■ **Material for the task**

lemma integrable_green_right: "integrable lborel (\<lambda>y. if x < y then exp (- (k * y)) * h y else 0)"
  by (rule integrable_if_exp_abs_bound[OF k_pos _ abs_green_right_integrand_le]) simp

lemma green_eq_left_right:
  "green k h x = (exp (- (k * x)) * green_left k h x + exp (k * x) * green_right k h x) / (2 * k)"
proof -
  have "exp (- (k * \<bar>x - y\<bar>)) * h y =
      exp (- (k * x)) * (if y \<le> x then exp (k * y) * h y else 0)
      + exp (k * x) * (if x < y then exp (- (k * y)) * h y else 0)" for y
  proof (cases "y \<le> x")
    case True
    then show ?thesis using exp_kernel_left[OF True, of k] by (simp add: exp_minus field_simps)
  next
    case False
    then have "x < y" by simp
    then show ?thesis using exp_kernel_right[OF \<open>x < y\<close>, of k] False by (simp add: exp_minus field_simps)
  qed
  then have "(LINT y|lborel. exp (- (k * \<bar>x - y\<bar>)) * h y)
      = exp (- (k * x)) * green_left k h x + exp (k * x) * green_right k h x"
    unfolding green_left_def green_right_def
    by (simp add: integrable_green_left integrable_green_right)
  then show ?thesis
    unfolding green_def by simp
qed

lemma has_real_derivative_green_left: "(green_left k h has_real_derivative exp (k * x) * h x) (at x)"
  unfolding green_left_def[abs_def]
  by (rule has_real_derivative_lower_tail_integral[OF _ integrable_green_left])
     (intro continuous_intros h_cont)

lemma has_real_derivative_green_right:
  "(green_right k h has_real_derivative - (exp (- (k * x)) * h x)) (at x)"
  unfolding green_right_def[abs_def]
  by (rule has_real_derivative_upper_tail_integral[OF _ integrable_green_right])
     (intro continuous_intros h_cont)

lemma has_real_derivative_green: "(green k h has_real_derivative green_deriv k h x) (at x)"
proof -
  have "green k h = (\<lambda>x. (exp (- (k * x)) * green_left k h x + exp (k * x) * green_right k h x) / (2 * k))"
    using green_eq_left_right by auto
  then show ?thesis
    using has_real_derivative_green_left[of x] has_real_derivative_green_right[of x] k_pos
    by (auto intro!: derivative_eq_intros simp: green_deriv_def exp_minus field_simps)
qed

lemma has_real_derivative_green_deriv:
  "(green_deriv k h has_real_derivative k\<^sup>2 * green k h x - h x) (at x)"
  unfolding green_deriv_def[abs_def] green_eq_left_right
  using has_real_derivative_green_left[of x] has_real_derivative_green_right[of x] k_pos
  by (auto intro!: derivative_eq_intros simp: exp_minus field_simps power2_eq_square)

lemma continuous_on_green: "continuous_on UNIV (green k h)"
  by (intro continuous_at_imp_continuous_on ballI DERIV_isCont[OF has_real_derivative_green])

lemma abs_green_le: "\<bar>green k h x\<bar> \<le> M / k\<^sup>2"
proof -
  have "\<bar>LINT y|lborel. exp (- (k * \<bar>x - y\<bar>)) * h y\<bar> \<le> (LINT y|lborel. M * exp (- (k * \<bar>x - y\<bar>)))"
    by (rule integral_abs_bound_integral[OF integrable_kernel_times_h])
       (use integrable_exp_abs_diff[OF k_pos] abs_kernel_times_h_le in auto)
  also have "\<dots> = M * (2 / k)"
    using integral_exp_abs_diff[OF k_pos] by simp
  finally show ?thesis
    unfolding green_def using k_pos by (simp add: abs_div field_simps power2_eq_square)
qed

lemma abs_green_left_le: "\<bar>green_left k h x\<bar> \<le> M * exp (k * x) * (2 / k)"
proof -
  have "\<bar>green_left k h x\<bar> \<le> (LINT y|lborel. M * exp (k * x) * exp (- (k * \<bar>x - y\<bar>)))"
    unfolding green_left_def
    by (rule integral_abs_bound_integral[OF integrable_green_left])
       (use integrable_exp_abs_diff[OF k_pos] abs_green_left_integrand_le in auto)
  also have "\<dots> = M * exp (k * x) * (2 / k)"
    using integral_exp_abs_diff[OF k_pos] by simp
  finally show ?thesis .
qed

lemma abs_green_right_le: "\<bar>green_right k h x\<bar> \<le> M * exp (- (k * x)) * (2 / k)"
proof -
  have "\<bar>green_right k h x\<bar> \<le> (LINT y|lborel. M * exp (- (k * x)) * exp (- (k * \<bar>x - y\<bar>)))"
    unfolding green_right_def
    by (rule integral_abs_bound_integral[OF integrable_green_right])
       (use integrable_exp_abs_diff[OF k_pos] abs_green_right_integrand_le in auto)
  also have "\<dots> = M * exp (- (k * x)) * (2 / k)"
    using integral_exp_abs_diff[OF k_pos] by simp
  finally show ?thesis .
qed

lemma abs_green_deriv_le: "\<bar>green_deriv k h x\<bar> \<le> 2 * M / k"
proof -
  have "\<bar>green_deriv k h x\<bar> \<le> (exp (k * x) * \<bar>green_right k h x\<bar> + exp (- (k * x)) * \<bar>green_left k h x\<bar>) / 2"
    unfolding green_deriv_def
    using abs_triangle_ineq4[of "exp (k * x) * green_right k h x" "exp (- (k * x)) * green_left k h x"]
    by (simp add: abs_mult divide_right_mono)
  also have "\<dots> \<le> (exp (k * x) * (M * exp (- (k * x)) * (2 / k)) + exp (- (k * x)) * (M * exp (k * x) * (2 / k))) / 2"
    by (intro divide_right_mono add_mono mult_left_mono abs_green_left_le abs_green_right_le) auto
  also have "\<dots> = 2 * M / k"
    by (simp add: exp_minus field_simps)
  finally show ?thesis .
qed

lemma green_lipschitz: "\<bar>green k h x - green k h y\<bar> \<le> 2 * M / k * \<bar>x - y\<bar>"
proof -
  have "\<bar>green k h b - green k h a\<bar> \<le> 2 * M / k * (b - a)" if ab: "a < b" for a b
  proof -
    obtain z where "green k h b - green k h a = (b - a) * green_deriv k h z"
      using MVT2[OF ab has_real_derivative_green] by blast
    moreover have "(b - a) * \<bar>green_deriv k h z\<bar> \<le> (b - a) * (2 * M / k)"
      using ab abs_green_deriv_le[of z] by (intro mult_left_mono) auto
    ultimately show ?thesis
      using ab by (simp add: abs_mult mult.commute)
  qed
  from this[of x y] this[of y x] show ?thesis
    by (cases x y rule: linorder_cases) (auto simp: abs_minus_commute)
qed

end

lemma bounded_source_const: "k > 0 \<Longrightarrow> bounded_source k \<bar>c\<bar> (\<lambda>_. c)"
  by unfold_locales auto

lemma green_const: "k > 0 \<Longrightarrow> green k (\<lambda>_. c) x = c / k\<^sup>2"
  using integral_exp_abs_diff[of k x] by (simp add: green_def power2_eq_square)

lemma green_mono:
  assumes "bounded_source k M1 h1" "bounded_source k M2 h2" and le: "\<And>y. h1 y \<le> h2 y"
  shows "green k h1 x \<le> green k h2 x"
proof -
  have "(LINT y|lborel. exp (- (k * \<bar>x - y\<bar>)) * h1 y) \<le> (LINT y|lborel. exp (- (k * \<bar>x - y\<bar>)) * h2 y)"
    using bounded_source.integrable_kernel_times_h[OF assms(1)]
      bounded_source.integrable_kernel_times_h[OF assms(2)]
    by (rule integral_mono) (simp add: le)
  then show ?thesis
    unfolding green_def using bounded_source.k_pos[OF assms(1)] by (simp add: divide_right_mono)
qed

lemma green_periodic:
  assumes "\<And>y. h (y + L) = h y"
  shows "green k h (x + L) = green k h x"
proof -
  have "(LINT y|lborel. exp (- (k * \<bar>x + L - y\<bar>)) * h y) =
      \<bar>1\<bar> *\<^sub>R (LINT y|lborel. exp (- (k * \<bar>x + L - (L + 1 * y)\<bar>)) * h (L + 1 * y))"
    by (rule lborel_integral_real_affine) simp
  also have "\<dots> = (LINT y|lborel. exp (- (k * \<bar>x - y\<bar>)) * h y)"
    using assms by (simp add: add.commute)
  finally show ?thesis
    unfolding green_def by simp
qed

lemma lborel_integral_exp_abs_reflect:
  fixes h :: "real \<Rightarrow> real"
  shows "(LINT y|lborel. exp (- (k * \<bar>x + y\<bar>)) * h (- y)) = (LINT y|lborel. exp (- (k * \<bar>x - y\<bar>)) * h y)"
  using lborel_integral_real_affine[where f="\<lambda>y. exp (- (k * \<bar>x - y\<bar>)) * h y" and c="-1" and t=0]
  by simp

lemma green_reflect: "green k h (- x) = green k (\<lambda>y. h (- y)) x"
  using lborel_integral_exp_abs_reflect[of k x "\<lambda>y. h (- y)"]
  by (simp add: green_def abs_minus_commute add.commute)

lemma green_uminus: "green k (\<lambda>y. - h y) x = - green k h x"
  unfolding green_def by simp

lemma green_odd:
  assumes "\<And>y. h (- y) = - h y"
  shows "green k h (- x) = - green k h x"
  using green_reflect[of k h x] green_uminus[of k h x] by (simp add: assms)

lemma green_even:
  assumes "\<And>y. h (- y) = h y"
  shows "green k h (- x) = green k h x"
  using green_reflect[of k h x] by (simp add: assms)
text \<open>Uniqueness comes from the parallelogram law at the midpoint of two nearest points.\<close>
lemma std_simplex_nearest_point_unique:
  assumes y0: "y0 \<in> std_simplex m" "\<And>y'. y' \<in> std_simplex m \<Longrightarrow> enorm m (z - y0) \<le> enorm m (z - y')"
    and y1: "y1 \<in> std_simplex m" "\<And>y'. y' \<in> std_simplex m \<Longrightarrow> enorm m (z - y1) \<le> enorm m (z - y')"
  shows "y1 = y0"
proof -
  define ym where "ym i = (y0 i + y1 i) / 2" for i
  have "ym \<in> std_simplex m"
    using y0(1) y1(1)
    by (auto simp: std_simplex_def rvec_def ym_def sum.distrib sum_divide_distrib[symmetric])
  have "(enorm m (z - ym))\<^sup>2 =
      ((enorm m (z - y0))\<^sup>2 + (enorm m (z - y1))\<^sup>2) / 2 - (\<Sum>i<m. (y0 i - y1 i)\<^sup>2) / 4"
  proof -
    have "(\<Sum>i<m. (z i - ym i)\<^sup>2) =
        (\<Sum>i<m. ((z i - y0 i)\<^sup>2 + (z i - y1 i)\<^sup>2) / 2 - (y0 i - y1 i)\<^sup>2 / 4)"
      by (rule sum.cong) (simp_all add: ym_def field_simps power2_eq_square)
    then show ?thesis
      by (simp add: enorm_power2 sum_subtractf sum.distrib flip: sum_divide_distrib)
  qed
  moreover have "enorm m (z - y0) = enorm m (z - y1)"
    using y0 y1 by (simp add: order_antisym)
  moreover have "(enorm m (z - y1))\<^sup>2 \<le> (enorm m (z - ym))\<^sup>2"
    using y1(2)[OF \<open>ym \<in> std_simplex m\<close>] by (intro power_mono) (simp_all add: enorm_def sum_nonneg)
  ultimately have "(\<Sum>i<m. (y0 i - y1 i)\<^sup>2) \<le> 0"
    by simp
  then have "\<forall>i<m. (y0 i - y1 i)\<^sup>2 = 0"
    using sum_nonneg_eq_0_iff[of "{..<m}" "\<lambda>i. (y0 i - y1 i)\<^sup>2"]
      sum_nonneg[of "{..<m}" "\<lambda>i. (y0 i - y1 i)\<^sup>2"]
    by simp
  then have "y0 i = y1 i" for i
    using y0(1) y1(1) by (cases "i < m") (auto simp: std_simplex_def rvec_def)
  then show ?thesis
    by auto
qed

* * *

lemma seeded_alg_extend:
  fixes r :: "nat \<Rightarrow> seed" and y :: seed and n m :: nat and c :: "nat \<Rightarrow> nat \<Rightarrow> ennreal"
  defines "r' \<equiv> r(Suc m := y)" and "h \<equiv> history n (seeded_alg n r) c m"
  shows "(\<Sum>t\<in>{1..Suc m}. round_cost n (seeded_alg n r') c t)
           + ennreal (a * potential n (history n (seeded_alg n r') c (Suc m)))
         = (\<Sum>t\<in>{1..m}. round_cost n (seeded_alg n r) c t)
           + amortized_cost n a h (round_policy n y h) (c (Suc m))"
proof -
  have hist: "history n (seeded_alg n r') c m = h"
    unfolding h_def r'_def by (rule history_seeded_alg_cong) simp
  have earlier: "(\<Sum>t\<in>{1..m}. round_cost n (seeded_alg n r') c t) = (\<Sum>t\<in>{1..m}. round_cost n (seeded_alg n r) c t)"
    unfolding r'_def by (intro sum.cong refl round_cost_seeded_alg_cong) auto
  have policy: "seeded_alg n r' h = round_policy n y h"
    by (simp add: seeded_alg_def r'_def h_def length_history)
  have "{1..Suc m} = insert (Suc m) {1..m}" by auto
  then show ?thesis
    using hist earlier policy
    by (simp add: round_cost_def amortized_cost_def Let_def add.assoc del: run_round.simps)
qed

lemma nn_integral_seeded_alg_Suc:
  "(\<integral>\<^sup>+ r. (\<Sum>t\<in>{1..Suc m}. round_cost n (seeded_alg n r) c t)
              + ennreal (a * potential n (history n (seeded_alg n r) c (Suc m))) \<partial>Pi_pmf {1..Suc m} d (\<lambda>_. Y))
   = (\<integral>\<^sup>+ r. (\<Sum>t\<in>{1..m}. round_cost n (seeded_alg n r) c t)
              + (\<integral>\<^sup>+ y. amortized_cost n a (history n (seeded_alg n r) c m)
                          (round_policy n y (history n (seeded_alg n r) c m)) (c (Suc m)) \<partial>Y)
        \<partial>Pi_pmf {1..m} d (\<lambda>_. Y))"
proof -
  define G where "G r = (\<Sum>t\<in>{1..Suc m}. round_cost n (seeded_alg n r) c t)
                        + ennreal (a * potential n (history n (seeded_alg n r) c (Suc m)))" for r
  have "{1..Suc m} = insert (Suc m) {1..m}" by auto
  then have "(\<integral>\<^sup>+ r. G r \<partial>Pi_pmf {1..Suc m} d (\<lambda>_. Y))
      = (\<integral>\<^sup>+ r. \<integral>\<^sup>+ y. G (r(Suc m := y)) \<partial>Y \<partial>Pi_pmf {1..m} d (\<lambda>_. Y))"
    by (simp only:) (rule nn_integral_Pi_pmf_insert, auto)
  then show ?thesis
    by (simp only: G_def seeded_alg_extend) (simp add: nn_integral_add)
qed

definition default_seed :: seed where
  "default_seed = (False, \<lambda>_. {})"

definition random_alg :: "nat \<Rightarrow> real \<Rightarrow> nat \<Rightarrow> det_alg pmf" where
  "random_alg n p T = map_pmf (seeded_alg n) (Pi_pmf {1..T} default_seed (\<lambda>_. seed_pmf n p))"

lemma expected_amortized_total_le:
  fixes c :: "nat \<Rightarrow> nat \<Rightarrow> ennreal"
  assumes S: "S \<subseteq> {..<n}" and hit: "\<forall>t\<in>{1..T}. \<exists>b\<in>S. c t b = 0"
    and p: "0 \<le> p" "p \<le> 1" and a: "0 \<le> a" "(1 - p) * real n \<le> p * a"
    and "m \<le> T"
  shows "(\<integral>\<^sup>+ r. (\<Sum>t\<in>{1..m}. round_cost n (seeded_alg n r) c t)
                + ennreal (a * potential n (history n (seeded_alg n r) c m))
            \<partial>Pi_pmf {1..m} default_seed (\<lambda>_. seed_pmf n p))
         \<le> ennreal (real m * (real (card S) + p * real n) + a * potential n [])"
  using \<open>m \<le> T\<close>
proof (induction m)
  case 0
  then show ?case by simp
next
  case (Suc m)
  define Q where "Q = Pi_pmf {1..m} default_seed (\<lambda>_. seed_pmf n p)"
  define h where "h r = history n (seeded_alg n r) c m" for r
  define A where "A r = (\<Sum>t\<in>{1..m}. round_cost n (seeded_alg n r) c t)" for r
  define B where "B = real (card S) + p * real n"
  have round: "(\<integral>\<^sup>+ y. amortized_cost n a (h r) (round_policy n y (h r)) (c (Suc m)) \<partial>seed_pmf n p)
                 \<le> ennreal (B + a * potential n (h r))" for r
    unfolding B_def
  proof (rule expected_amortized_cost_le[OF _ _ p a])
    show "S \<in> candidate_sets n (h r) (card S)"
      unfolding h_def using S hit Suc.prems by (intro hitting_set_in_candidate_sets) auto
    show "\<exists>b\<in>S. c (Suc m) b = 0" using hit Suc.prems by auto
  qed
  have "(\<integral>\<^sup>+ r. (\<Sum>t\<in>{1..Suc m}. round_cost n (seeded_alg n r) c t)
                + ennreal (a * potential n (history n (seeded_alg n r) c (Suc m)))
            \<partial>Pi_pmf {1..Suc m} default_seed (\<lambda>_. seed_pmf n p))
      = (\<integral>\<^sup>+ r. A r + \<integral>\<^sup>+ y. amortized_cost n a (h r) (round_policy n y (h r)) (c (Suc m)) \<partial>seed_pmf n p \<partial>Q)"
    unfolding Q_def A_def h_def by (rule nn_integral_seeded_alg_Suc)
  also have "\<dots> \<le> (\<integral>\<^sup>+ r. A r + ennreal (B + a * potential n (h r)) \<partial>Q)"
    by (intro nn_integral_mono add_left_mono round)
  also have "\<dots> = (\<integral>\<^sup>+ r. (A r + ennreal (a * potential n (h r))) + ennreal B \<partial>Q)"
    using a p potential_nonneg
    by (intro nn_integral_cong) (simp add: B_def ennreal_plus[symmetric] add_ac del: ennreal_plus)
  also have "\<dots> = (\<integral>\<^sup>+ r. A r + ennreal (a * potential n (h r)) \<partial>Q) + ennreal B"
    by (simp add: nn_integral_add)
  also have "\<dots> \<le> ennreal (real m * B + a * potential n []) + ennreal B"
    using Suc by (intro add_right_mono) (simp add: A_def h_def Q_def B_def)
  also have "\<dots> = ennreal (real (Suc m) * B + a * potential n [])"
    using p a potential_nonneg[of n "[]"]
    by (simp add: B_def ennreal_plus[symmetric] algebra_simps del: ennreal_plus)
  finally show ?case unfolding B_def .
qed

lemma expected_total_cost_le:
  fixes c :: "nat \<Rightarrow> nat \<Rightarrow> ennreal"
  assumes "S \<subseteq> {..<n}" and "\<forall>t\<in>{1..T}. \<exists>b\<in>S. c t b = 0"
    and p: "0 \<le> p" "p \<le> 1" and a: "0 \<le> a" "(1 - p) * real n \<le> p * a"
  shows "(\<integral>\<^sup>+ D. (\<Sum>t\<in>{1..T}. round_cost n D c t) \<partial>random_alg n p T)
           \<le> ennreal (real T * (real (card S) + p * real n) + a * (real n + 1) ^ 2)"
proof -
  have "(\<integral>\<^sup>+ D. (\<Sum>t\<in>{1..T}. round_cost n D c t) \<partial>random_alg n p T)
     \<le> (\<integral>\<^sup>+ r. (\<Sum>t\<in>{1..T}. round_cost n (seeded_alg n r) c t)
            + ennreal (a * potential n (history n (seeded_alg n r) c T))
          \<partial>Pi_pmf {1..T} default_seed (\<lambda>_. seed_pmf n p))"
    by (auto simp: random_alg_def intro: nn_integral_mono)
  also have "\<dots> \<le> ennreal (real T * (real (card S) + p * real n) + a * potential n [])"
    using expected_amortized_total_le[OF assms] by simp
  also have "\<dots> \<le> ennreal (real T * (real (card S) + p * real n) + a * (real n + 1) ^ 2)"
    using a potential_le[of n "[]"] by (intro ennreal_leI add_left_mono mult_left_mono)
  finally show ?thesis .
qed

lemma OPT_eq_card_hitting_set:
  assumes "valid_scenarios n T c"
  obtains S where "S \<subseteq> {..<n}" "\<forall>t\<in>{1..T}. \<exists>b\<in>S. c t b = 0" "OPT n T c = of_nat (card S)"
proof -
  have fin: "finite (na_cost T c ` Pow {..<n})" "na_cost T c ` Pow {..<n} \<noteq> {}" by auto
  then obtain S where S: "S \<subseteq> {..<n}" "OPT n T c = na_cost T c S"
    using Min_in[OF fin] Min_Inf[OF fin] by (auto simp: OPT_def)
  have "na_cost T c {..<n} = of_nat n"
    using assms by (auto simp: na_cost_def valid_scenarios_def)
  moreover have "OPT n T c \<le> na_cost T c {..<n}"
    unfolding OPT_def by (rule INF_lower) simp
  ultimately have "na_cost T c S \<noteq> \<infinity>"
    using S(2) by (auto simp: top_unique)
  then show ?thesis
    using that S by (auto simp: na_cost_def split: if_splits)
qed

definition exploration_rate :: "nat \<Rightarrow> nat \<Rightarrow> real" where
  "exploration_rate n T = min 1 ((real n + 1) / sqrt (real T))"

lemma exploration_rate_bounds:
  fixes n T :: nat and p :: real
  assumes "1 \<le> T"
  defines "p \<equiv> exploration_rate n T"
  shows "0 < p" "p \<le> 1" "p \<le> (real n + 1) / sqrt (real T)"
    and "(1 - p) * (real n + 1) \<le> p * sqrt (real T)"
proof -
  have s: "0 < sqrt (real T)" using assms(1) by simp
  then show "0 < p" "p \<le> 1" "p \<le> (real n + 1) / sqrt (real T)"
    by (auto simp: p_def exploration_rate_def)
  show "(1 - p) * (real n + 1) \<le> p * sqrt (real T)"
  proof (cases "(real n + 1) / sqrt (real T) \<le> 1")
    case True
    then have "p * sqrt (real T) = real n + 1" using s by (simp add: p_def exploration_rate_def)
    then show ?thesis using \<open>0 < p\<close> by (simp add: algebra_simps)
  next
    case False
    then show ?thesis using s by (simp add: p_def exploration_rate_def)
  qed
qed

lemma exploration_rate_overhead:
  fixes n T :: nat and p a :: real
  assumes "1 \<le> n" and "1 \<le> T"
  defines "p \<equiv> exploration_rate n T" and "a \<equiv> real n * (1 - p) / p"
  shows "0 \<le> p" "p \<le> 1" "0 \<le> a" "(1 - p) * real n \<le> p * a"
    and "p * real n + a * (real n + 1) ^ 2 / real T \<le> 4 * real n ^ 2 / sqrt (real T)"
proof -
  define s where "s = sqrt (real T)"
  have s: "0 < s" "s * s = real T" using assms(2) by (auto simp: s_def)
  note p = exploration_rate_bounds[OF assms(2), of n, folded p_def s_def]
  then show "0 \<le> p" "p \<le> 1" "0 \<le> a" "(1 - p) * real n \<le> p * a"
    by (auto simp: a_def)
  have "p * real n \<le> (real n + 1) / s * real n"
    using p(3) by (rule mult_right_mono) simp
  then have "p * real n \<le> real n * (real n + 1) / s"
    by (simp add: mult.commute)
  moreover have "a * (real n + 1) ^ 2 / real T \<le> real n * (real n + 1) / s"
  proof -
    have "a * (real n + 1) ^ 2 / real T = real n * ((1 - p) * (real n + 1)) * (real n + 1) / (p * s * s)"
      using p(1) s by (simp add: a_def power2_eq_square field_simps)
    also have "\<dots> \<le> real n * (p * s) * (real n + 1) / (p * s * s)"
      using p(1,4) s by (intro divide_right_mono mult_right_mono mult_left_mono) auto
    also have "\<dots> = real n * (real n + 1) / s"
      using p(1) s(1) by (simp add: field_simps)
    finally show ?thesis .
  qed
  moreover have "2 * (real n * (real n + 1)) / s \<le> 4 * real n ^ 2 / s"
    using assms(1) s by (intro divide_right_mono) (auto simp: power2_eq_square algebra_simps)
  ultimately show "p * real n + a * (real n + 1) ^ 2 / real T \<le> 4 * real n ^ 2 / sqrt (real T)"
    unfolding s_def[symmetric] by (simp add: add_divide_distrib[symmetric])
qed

...

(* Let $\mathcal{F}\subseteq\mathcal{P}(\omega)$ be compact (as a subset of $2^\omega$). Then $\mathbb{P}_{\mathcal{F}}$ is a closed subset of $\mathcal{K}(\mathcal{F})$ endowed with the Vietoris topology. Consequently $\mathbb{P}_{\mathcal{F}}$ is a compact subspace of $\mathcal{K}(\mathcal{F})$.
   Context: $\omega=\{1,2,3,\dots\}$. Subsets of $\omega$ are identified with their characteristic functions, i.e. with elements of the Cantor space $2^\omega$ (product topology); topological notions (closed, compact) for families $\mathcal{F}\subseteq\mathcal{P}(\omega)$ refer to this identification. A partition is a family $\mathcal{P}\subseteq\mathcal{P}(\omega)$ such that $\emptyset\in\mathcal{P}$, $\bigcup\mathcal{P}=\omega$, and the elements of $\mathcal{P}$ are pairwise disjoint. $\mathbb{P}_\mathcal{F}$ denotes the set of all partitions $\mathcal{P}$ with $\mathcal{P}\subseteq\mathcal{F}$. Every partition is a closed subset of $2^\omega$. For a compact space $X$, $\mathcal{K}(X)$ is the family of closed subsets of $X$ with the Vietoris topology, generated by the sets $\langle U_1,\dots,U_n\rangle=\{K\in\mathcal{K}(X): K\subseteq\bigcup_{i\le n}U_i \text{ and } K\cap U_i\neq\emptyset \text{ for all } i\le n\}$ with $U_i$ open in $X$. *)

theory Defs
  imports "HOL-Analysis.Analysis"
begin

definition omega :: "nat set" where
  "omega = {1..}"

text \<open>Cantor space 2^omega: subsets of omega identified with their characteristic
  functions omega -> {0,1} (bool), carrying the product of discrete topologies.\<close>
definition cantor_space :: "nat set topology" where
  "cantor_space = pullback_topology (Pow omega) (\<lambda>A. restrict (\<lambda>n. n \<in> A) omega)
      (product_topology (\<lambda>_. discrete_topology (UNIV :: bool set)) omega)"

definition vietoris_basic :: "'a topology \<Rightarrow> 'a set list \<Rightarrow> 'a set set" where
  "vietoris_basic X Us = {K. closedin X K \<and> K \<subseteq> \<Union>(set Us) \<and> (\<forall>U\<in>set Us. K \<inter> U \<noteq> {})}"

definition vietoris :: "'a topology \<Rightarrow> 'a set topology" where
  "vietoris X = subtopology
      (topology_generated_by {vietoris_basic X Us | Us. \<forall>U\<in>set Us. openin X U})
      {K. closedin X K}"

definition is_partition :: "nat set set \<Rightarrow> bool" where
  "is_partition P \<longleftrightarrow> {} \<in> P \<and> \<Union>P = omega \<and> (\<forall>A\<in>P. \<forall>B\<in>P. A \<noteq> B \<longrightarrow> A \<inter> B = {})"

■ **Problem requirements**
Output, from the data above, the lines from the line with "(if x < y then" to the line with "h = (\<lambda>x." exactly as they stand, both ends included and nothing else.

■ **Written reply**
      + exp (k * x) * (if x < y then exp (- (k * y)) * h y else 0)" for y
  proof (cases "y \<le> x")
    case True
    then show ?thesis using exp_kernel_left[OF True, of k] by (simp add: exp_minus field_simps)
  next
    case False
    then have "x < y" by simp
    then show ?thesis using exp_kernel_right[OF \<open>x < y\<close>, of k] False by (simp add: exp_minus field_simps)
  qed
  then have "(LINT y|lborel. exp (- (k * \<bar>x - y\<bar>)) * h y)
      = exp (- (k * x)) * green_left k h x + exp (k * x) * green_right k h x"
    unfolding green_left_def green_right_def
    by (simp add: integrable_green_left integrable_green_right)
  then show ?thesis
    unfolding green_def by simp
qed

lemma has_real_derivative_green_left: "(green_left k h has_real_derivative exp (k * x) * h x) (at x)"
  unfolding green_left_def[abs_def]
  by (rule has_real_derivative_lower_tail_integral[OF _ integrable_green_left])
     (intro continuous_intros h_cont)

lemma has_real_derivative_green_right:
  "(green_right k h has_real_derivative - (exp (- (k * x)) * h x)) (at x)"
  unfolding green_right_def[abs_def]
  by (rule has_real_derivative_upper_tail_integral[OF _ integrable_green_right])
     (intro continuous_intros h_cont)

lemma has_real_derivative_green: "(green k h has_real_derivative green_deriv k h x) (at x)"
proof -
  have "green k h = (\<lambda>x. (exp (- (k * x)) * green_left k h x + exp (k * x) * green_right k h x) / (2 * k))"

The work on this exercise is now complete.